The recycled content in packaging has grown a 22% in the last two years, which will result in a reduction of the consumption of single-use plastics of at least 1.1 million tonnes by 2025

 

When the European Parliament approved the circular economy measures in 2018, it included ambitious recycling targets for plastics that were to be toughened five years later. While in the first few years, Member States were to recycle 50% of plastic waste, by 2025 this percentage must be increased to a 55%. The problem of plastic pollution was finally being assessed and discussions on possible solutions taking place.
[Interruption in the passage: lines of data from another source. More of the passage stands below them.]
text \<open>X is (under the probability measure M) an ordered growth process with law p started
  at eta0: all finite-dimensional cylinder events are measurable and have the Markov-chain
  probabilities.  This determines the law of the trajectory.\<close>
definition is_growth_process ::
  "nat \<Rightarrow> (nat list \<Rightarrow> nat \<Rightarrow> real) \<Rightarrow> nat list \<Rightarrow> 'w measure \<Rightarrow> ('w \<Rightarrow> nat \<Rightarrow> nat list) \<Rightarrow> bool" where
  "is_growth_process N p eta0 M X \<longleftrightarrow>
     (\<forall>xs. xs \<noteq> [] \<longrightarrow>
        {w\<in>space M. \<forall>i<length xs. X w i = xs ! i} \<in> sets M \<and>
        measure M {w\<in>space M. \<forall>i<length xs. X w i = xs ! i} =
          (if hd xs = eta0 then (\<Prod>i<length xs - 1. grow_trans N p (xs ! i) (xs ! Suc i)) else 0))"

end

theory Submission
  imports Defs
begin

text \<open>Both processes are driven by the same i.i.d. uniform variables: at every step one
  uniform number \<open>u\<close> selects the growth index of each process by inverting the cumulative
  distribution of its law.  The hypothesis on the partial sums of the laws makes the index chosen
  for \<open>\<sigma>\<close> never larger than the one chosen for \<open>\<eta>\<close>.  Adding a unit at coordinate \<open>j\<close> of a
  nonincreasing vector and reordering amounts to adding it at the first coordinate of the block of
  entries equal to the \<open>j\<close>-th one; comparing partial sums shows that \<open>\<eta> \<prec> \<sigma>\<close> is preserved when
  \<open>\<sigma>\<close> grows at a coordinate no larger than \<open>\<eta>\<close> does.  Hence majorization holds along every
  pair of coupled paths, and the cylinder probabilities of each path are those of the Markov chain.\<close>

section \<open>Growing a nonincreasing vector\<close>

lemma rearr_ordered: "length xs = N \<Longrightarrow> rearr xs \<in> ordered N"
  by (simp add: rearr_def ordered_def sorted_wrt_rev)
So, more than 500 companies, governments and other organizations joined to work on a common idea of a circular economy for plastics, one in which plastics never become waste. As signatories to the Global Commitment to the New Plastics Economy, these organisations set real targets for 2025, with the desire to help it happen.

 

Challenges achieved vs. tasks ahead

 

Today, two years later, it is time to review the challenges that have been achieved and those that remain. This has been presented in ‘The Global Commitment 2020 Progress Report’, issued by the Ellen MacArthur Foundation. In this report, for the first time, it is possible to quantify the progress made between 2018 and 2019 by the signatories, who represent more than 20% of the plastic packaging market.

 


Other topics of interest: Sustainability, a key factor in the packaging of fruit and vegetable products


 

The recycled content in packaging has grown by 22% in the last two years and, on top of that, the consumption of single-use plastics will have been reduced by at least 1.1 million tonnes by 2025. This also represents a CO2 saving equivalent to taking more than 350,000 cars off the road.

 

Source: Ellen MacArthur Foundation 
The Global Commitment 2020 Progress Report

 

However, there is still work to be done, and it needs to be done fast, to achieve the goals set by the European Union for 2025. Also, some signatories of the New Plastic Economy must match their results with other participants who have achieved a better performance.

 

The effects of COVID-19

 

However, the effects of the COVID-19 pandemic cannot be ignored. This situation has further exposed the drawbacks of continuing with a linear economy and highlighted the urgent need to rethink how we produce, use and reuse plastics. There has been, for example, higher demand of take-out food containers and bubble wrap – most of which are non-recyclable – and the slow-down or reversal of policies aimed at reducing single-use plastic products.

 

A circular economy is not only an opportunity to tackle plastic pollution at its source, but also to build a more resilient and regenerative economy, helping to restore the environment, create jobs and benefit society.

 


Other issues of interest: Technologies to curb climate change will shape the future


 

This crisis has also highlighted the speed with which the world can mobilise change, as demonstrated by digitisation, for example. And therefore, the economic recovery plans are a great opportunity to implement the necessary measures around plastic pollution and ensure a sustainable and circular recovery.